When leaf formation goes wrong
As Husbands moved from Cold Spring Harbor to a faculty position at Ohio State University, where he ran a lab for four years, and now to Penn, a question driving his work is, How can plants reliably churn out leaves that look the way they’re supposed to look? Plant biologists’ term for this is reproducibility or robustness, and Husbands studies it in the context of flat-leaf architecture, or the tendency of plants to consistently form “these paper-thin structures over and over again,” he says. “What makes this more compelling is that leaves don’t start out flat.” When they initially develop, they are ball-shaped, and only later flatten out into what most would recognize as a leaf: a thin form with a distinctive two-dimensional shape.
“It’s a very difficult process,” says Husbands. Plants usually get this right, but leaf growth occasionally goes awry. “You might get leaves curling up or down, which will lead to impacts on fitness,” he says.
Typically, however, Husbands says, “leaves always know, ‘This is my top; this is my bottom. I have a boundary from which to grow.’”
The concept of boundaries driving growth is not unique to plants but one that’s present in almost every developing organism. Thus, insights Husbands draws out in plants may have applications to other groups as well. “It’s a very classical developmental paradigm,” he says.

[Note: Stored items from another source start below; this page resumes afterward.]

(* Let $d_m\ge1$, let $n,k$ be integers with $k\ge\ell(d_m)$ and $n\ge k+\ell(d_m)+2d_m$, let $n'=n-k-\ell(d_m)-2d_m$, and let $\mathcal C_2(n,k,1,d_m)=\{0^k\vec u1^{d_m}\vec c1^{d_m}:\vec c\in\mathcal C_H\}$, where $\mathcal C_H\subseteq\{0,1\}^{n'}$ is any code all of whose words are $(d_m,k)$-WWL vectors. Then $\mathcal C_2(n,k,1,d_m)$ is prefix synchronized with the set $H=\{0^k\vec u\}$ and index $\rho=d_m$.
   Context: Binary alphabet; juxtaposition is concatenation; $(\vec x)_i^j=(x_i,\dots,x_j)$; $d_H$ is Hamming distance. A vector of length $m$ is a $(d,k)$-WWL vector if $m<k$ or every window of $k$ consecutive entries has Hamming weight at least $d$. $\ell(d)=d\lceil\log_2 d\rceil+d$ and $\vec u=1^d\vec u_0\cdots\vec u_{\lceil\log_2 d\rceil-1}\in\{0,1\}^{\ell(d)}$, where $\vec u_i$ is the length-$d$ prefix of $(1^{2^i}0^{2^i})^d$; here $d=d_m$. A code $\mathcal C\subseteq\{0,1\}^n$ is prefix synchronized with a set $H\subseteq\{0,1\}^m$ ($m\le n$) and index $\rho$ if for all $\vec a\in\mathcal C$, $\vec h\in H$ and $i\in[2,n]$, $d_H((\vec a\vec h)_i^{i+m-1},\vec h)\ge\rho$. *)

theory Defs
  imports Complex_Main
begin

text \<open>Binary vectors are bool lists (True = 1, False = 0). Positions are 1-indexed in the
paper; the window (x)_i^j is  take (j-i+1) (drop (i-1) x).\<close>

definition hweight :: "bool list \<Rightarrow> nat" where
  "hweight x = length (filter id x)"

definition hdist :: "bool list \<Rightarrow> bool list \<Rightarrow> nat" where
  "hdist x y = card {i. i < length x \<and> x ! i \<noteq> y ! i}"

definition window :: "bool list \<Rightarrow> nat \<Rightarrow> nat \<Rightarrow> bool list" where
  "window x i j = take (Suc j - i) (drop (i - 1) x)"

definition wwl :: "nat \<Rightarrow> nat \<Rightarrow> bool list \<Rightarrow> bool" where
  "wwl d k x \<longleftrightarrow> length x < k \<or>
     (\<forall>j. j + k \<le> length x \<longrightarrow> hweight (take k (drop j x)) \<ge> d)"

definition clog2 :: "nat \<Rightarrow> nat" where
  "clog2 d = nat \<lceil>log 2 (real d)\<rceil>"

definition ell :: "nat \<Rightarrow> nat" where
  "ell d = d * clog2 d + d"

definition uvec_i :: "nat \<Rightarrow> nat \<Rightarrow> bool list" where
  "uvec_i d i = take d (concat (replicate d (replicate (2^i) True @ replicate (2^i) False)))"

definition uvec :: "nat \<Rightarrow> bool list" where
  "uvec d = replicate d True @ concat (map (uvec_i d) [0..<clog2 d])"

definition prefix_sync :: "nat \<Rightarrow> nat \<Rightarrow> bool list set \<Rightarrow> bool list set \<Rightarrow> nat \<Rightarrow> bool" where
  "prefix_sync n m C H \<rho> \<longleftrightarrow>
     m \<le> n \<and> (\<forall>a\<in>C. length a = n) \<and> (\<forall>h\<in>H. length h = m) \<and>
     (\<forall>a\<in>C. \<forall>h\<in>H. \<forall>i\<in>{2..n}. hdist (window (a @ h) i (i + m - 1)) h \<ge> \<rho>)"

definition code2 :: "nat \<Rightarrow> nat \<Rightarrow> bool list set \<Rightarrow> bool list set" where
  "code2 k dm CH = (\<lambda>c. replicate k False @ uvec dm @ replicate dm True @ c @ replicate dm True) ` CH"

end

theory Submission
  imports Defs
begin

text \<open>Write the received stream as \<open>a h\<close> with \<open>h = 0^k u\<close>. For a shift \<open>s\<close>, the window facing
\<open>h\<close> disagrees with it at every one facing \<open>0^k\<close> and wherever the part facing \<open>u\<close> disagrees
with \<open>u\<close>. Two properties of \<open>u\<close> drive everything: it has at least \<open>2d - 1\<close> ones (the prefix
\<open>1^d\<close>, plus at least \<open>2^i\<close> in block \<open>u_i\<close>), and for \<open>0 < t < d\<close> it differs from its own
shift by \<open>t\<close> in at least \<open>d - t\<close> places, since writing \<open>t = 2^i (2q + 1)\<close> the shift inverts the
square wave \<open>u_i\<close>. A case split on \<open>s\<close> then finds \<open>d\<close> mismatches: ones of \<open>u\<close> or of a guard
block \<open>1^d\<close> under \<open>0^k\<close>; a self-overlap of \<open>u\<close> together with guard ones; a length-\<open>k\<close>
window of \<open>1^d c\<close>, which is still a WWL vector; or the ones of \<open>u\<close> falling on the trailing
\<open>0^k\<close>.\<close>

lemma card_Collect_shift: "card {j::nat. p \<le> j \<and> Q (j - p)} = card {i. Q i}"
proof -
  have "(+) p ` {i. Q i} = {j. p \<le> j \<and> Q (j - p)}"
    by (auto simp: image_iff) (metis le_add_diff_inverse)
  then show ?thesis by (metis card_image inj_on_add)
qed

definition ones :: "bool list \<Rightarrow> nat \<Rightarrow> nat \<Rightarrow> nat" where
  "ones x a b = card {i. a \<le> i \<and> i < b \<and> x ! i}"

lemma ones_le: "ones x a b \<le> b - a"
proof -
  have "ones x a b \<le> card {a..<b}"
    unfolding ones_def by (intro card_mono) auto
  then show ?thesis by simp
qed

lemma ones_mono: "a \<le> a' \<Longrightarrow> b' \<le> b \<Longrightarrow> ones x a' b' \<le> ones x a b"
  unfolding ones_def by (intro card_mono) auto

lemma ones_split:
  assumes "a \<le> b" "b \<le> c"
  shows "ones x a c = ones x a b + ones x b c"
proof -
  have "{i. a \<le> i \<and> i < c \<and> x ! i}
      = {i. a \<le> i \<and> i < b \<and> x ! i} \<union> {i. b \<le> i \<and> i < c \<and> x ! i}"
    using assms by auto
  then show ?thesis unfolding ones_def by (simp add: card_Un_disjoint disjoint_iff)
qed

lemma ones_all:
  assumes "\<And>i. a \<le> i \<Longrightarrow> i < b \<Longrightarrow> x ! i"
  shows "ones x a b = b - a"
proof -
  have "{i. a \<le> i \<and> i < b \<and> x ! i} = {a..<b}" using assms by auto
  then show ?thesis unfolding ones_def by simp
qed

lemma ones_replicate_True_append: "b \<le> n \<Longrightarrow> ones (replicate n True @ x) a b = b - a"
  by (intro ones_all) (simp add: nth_append)

lemma card_shifted_ones: "card {j. j < k \<and> x ! (s + j)} = ones x s (s + k)"
proof -
  have "{i. s \<le> i \<and> i < s + k \<and> x ! i} = {i. s \<le> i \<and> i - s < k \<and> x ! (s + (i - s))}"
    by auto
  then show ?thesis
    using card_Collect_shift[of s "\<lambda>j. j < k \<and> x ! (s + j)"] unfolding ones_def by simp
qed

lemma ones_shift:
  assumes "\<And>i. a \<le> i \<Longrightarrow> i < b \<Longrightarrow> x ! (p + i) = y ! i"
  shows "ones x (p + a) (p + b) = ones y a b"
proof -
  have "{i. p + a \<le> i \<and> i < p + b \<and> x ! i}
      = {i. p \<le> i \<and> a \<le> i - p \<and> i - p < b \<and> y ! (i - p)}"
  proof (intro Collect_cong)
    fix i
    show "(p + a \<le> i \<and> i < p + b \<and> x ! i) = (p \<le> i \<and> a \<le> i - p \<and> i - p < b \<and> y ! (i - p))"
      using assms[of "i - p"] by auto
  qed
  then show ?thesis
    using card_Collect_shift[of p "\<lambda>i. a \<le> i \<and> i < b \<and> y ! i"] unfolding ones_def by simp
qed

lemma hweight_take_drop:
  assumes "j + k \<le> length x"
  shows "hweight (take k (drop j x)) = ones x j (j + k)"
proof -
  have "{i. i < length (take k (drop j x)) \<and> take k (drop j x) ! i} = {i. i < k \<and> x ! (j + i)}"
    using assms by auto
  then show ?thesis
    unfolding hweight_def length_filter_conv_card by (simp add: card_shifted_ones)
qed

lemma hweight_eq_ones: "hweight x = ones x 0 (length x)"
  using hweight_take_drop[of 0 "length x" x] by simp

lemma hweight_append: "hweight (xs @ ys) = hweight xs + hweight ys"
  unfolding hweight_def by simp

lemma hweight_replicate_True: "hweight (replicate n True) = n"
  unfolding hweight_def by simp

lemma hweight_concat: "hweight (concat xss) = (\<Sum>xs\<leftarrow>xss. hweight xs)"
  by (induction xss) (simp_all add: hweight_append hweight_def)

lemma wwl_ones: "wwl d k x \<Longrightarrow> j + k \<le> length x \<Longrightarrow> d \<le> ones x j (j + k)"
  unfolding wwl_def by (auto simp: hweight_take_drop)

lemma wwlI: "(\<And>j. j + k \<le> length x \<Longrightarrow> d \<le> ones x j (j + k)) \<Longrightarrow> wwl d k x"
  unfolding wwl_def by (simp add: hweight_take_drop)

lemma wwl_replicate_True_append:
  assumes wwl: "wwl d k c" and "k \<le> length c"
  shows "wwl d k (replicate d True @ c)"
proof (rule wwlI)
  fix j assume j: "j + k \<le> length (replicate d True @ c)"
  let ?x = "replicate d True @ c"
  have shift: "ones ?x (d + a) (d + b) = ones c a b" for a b
    by (rule ones_shift) (simp add: nth_append)
  have "d \<le> k"
    using wwl_ones[OF wwl, of 0] assms(2) ones_le[of c 0 k] by simp
  show "d \<le> ones ?x j (j + k)"
  proof (cases "d \<le> j")
    case True
    then show ?thesis
      using shift[of "j - d" "j - d + k"] wwl_ones[OF wwl, of "j - d"] j by simp
  next
    case False
    have "d \<le> ones c 0 k" using wwl_ones[OF wwl, of 0] assms(2) by simp
    also have "\<dots> = ones c 0 (j + k - d) + ones c (j + k - d) k"
      using False \<open>d \<le> k\<close> by (intro ones_split) auto
    also have "\<dots> \<le> ones c 0 (j + k - d) + (d - j)"
      using ones_le[of c "j + k - d" k] False by simp
    finally have "j \<le> ones ?x d (j + k)"
      using shift[of 0 "j + k - d"] False \<open>d \<le> k\<close> by simp
    moreover have "ones ?x j d = d - j"
      by (rule ones_replicate_True_append) simp
    moreover have "ones ?x j (j + k) = ones ?x j d + ones ?x d (j + k)"
      using False \<open>d \<le> k\<close> by (intro ones_split) auto
    ultimately show ?thesis using False by simp
  qed
qed

definition mismatches :: "bool list \<Rightarrow> nat \<Rightarrow> bool list \<Rightarrow> nat" where
  "mismatches x s h = card {j. j < length h \<and> x ! (s + j) \<noteq> h ! j}"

Other projects of Husbands involve collaborations with computational biologists and mathematicians. In one, he and colleagues are hoping to look for patterns in gene expression data in the hopes that new gene candidates will emerge as being central to the reproducibility and robustness of flat-leaf architecture.

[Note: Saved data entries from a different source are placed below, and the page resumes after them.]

lemma avoided_edge_tranclp_forces_in:
  assumes G: "reflexive_graph V E" and av: "avoids E (v, v') (a, b)"
    and x: "x \<in> {v, v'}" and y: "y \<in> {v, v'}"
    and C4_x: "induces_C4 E {a, b, v, v'} \<Longrightarrow> E a x"
    and C4_y: "induces_C4 E {a, b, v, v'} \<Longrightarrow> E b y"
  shows "(forces_in V E)\<^sup>+\<^sup>+ (a, x) (b, y)"
proof -
  have "symp E" using G by (rule reflexive_graph_symp)
  have "E a b" "E v v'" and disj: "{v, v'} \<inter> {a, b} = {}" using av by (auto simp: avoids_def)
  have in_V: "{a, b, v, v'} \<subseteq> V" and loop: "\<And>p. p \<in> V \<Longrightarrow> E p p"
    using G \<open>E a b\<close> \<open>E v v'\<close> by (auto simp: reflexive_graph_def)
  have a_side: "\<not> (E w v \<and> E w v')" if "w \<in> {a, b}" for w
    using avoids_not_adjacent_to_both[OF \<open>symp E\<close> av that] .
  have v_side: "\<not> (E z a \<and> E z b)" if "z \<in> {v, v'}" for z
    using avoids_not_adjacent_to_both[OF \<open>symp E\<close> avoids_sym[OF \<open>symp E\<close> av] that] .
  have step: "forces_in V E (p, z) (q, z')"
    if "p \<in> {a, b}" "q \<in> {a, b}" "z \<in> {v, v'}" "z' \<in> {v, v'}" "E p q" "\<not> E p z'" "\<not> E q z"
    for p q z z'
  proof -
    have "E z z'" using that(3,4) \<open>E v v'\<close> \<open>symp E\<close> loop in_V by (auto dest: sympD)
    then show ?thesis
      using that disj in_V \<open>symp E\<close> unfolding forces_in_def forces_def Zset_def by (auto dest: sympD)
  qed
  show ?thesis
  proof (cases "induces_C4 E {a, b, v, v'}")
    case True
    have "\<not> E a y" "\<not> E b x" using a_side v_side C4_x[OF True] C4_y[OF True] x y \<open>symp E\<close>
      by (auto dest: sympD)
    then show ?thesis using x y \<open>E a b\<close> by (intro tranclp.r_into_trancl step) auto
  next
    case False
    \<comment> \<open>at a vertex without neighbour in \<open>{v, v'}\<close> the second coordinate moves freely\<close>
    then have "(\<forall>z \<in> {v, v'}. \<not> E a z) \<or> (\<forall>z \<in> {v, v'}. \<not> E b z)"
      using avoids_cross_edges_induce_C4[OF \<open>symp E\<close> av] by blast
    then show ?thesis
    proof
      assume a_free: "\<forall>z \<in> {v, v'}. \<not> E a z"
      obtain x\<^sub>0 where "x\<^sub>0 \<in> {v, v'}" "\<not> E b x\<^sub>0" using a_side[of b] by blast
      then have "forces_in V E (a, x) (a, x\<^sub>0)" "forces_in V E (a, x\<^sub>0) (b, y)"
        using a_free x y \<open>E a b\<close> loop in_V by (auto intro!: step)
      then show ?thesis by (meson tranclp.r_into_trancl tranclp.trancl_into_trancl)
    next
      assume b_free: "\<forall>z \<in> {v, v'}. \<not> E b z"
      obtain y\<^sub>0 where "y\<^sub>0 \<in> {v, v'}" "\<not> E a y\<^sub>0" using a_side[of a] by blast
      then have "forces_in V E (a, x) (b, y\<^sub>0)" "forces_in V E (b, y\<^sub>0) (b, y)"
        using b_free x y \<open>E a b\<close> loop in_V by (auto intro!: step)
      then show ?thesis by (meson tranclp.r_into_trancl tranclp.trancl_into_trancl)
    qed
  qed
qed

lemma avoided_walk_tranclp_forces_in:
  assumes G: "reflexive_graph V E"
    and av: "\<And>j. j \<le> n \<Longrightarrow> avoids E (v, v') (u j, u (Suc j))"
    and x: "x \<in> {v, v'}" "induces_C4 E {u 0, u 1, v, v'} \<Longrightarrow> E (u 0) x"
    and y: "y \<in> {v, v'}" "induces_C4 E {u n, u (Suc n), v, v'} \<Longrightarrow> E (u (Suc n)) y"
  shows "(forces_in V E)\<^sup>+\<^sup>+ (u 0, x) (u (Suc n), y)"
  using av y
proof (induction n arbitrary: y)
  case 0
  then show ?case using avoided_edge_tranclp_forces_in[OF G _ x(1) _ x(2)] by simp
next
  case (Suc n)
  let ?C4_in = "induces_C4 E {u n, u (Suc n), v, v'}"
  let ?C4_out = "induces_C4 E {u (Suc n), u (Suc (Suc n)), v, v'}"
  have "symp E" using G by (rule reflexive_graph_symp)
  obtain z where z: "z \<in> {v, v'}" and z_nbr: "?C4_in \<or> ?C4_out \<Longrightarrow> E (u (Suc n)) z"
    using avoids_C4_ex1_neighbour[OF \<open>symp E\<close> Suc.prems(1)[of n], of "u (Suc n)"]
      avoids_C4_ex1_neighbour[OF \<open>symp E\<close> Suc.prems(1)[of "Suc n"], of "u (Suc n)"]
    by (metis insertCI le_SucI order_refl)
  have "(forces_in V E)\<^sup>+\<^sup>+ (u 0, x) (u (Suc n), z)"
    using Suc.IH[OF _ z] Suc.prems(1) z_nbr by simp
  moreover have "(forces_in V E)\<^sup>+\<^sup>+ (u (Suc n), z) (u (Suc (Suc n)), y)"
    using avoided_edge_tranclp_forces_in[OF G Suc.prems(1)[of "Suc n"] z Suc.prems(2)]
      z_nbr Suc.prems(3)
    by simp
  ultimately show ?case by (rule tranclp_trans)
qed

theorem lemma5:
  fixes V :: "'a set" and E :: "'a \<Rightarrow> 'a \<Rightarrow> bool" and us :: "'a list" and v v' :: 'a
  assumes G: "reflexive_graph V E"
    and W: "is_walk V E us"
    and e: "E v v'"
    and av: "avoids_walk E (v, v') us"
  defines "t \<equiv> length us - 1"
  shows
    "(\<not> induces_C4 E {us ! 0, us ! 1, v, v'} \<and> \<not> induces_C4 E {us ! (t - 1), us ! t, v, v'}
       \<longrightarrow> (\<forall>x\<in>{v, v'}. \<forall>y\<in>{v, v'}. implies_pair V E (us ! 0, x) (us ! t, y)))
   \<and> (induces_C4 E {us ! 0, us ! 1, v, v'} \<and> \<not> induces_C4 E {us ! (t - 1), us ! t, v, v'}
       \<longrightarrow> (\<forall>y\<in>{v, v'}. implies_pair V E (us ! 0, THE x. x \<in> {v, v'} \<and> E (us ! 0) x) (us ! t, y)))
   \<and> (induces_C4 E {us ! 0, us ! 1, v, v'} \<and> induces_C4 E {us ! (t - 1), us ! t, v, v'}
       \<longrightarrow> implies_pair V E (us ! 0, THE x. x \<in> {v, v'} \<and> E (us ! 0) x)
                            (us ! t, THE y. y \<in> {v, v'} \<and> E (us ! t) y))"
proof -
  have "symp E" using G by (rule reflexive_graph_symp)
  define n where "n = t - 1"
  have t: "t = Suc n" using W unfolding t_def n_def is_walk_def by auto
  have av_n: "avoids E (v, v') (us ! j, us ! Suc j)" if "j \<le> n" for j
    using av that W unfolding avoids_walk_def is_walk_def t_def n_def by auto
  have implies: "implies_pair V E (us ! 0, x) (us ! t, y)"
    if "x \<in> {v, v'}" "induces_C4 E {us ! 0, us ! 1, v, v'} \<Longrightarrow> E (us ! 0) x"
       "y \<in> {v, v'}" "induces_C4 E {us ! (t - 1), us ! t, v, v'} \<Longrightarrow> E (us ! t) y" for x y
    using avoided_walk_tranclp_forces_in[where u = "nth us", OF G av_n] that
      tranclp_forces_in_implies_pair[OF G]
    unfolding t by simp
  have the_neighbour:
    "(THE z. z \<in> {v, v'} \<and> E (us ! j) z) \<in> {v, v'} \<and> E (us ! j) (THE z. z \<in> {v, v'} \<and> E (us ! j) z)"
    if "induces_C4 E {us ! i, us ! Suc i, v, v'}" "i \<le> n" "j \<in> {i, Suc i}" for i j
    using theI'[OF avoids_C4_ex1_neighbour[OF \<open>symp E\<close> av_n that(1)]] that by auto
  show ?thesis
    using implies the_neighbour[of 0 0] the_neighbour[of n "Suc n"] unfolding t by auto
qed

Applications, partnerships, and inspiration
While Husbands is motivated by a love of basic science and discovery, he’s also moving his work into directions that might one day find real-world application. On the plant front, he notes that “engineering robustness,” by intervening with some of the transcription factors he’s studying, could enable plants to withstand the ups and downs of climate change. “We’re a ways away from that, but, if you could find a particular system that is susceptible to climate change, you could use these properties to basically shore it up, stabilize that biology and enable the plant to be resilient in the face of climate extremes.”
Going beyond plants, Husbands and his trainees are also investigating how the lipid binding domains they’ve studied in plants operate in proteins present across the tree of life, including a tumor suppressor protein present in humans. “We want to take knowledge from our work and others to develop strategies to affect activity of this tumor suppressor via this lipid-binding domain,” he says. “The therapeutic applications are obvious. If you develop a ligand to affect the activity of a tumor suppressor, you’re in business.”
With a department strong in plant biology as well as many other facets of science, and additional potential collaborators a stone’s throw away on campus, Husbands jumped at the opportunity to come to the Penn. “Penn is Penn,” he says. “During the recruitment process, just reading about what everyone was doing and their science—it’s just a firehose. You come away and you’re inspired.”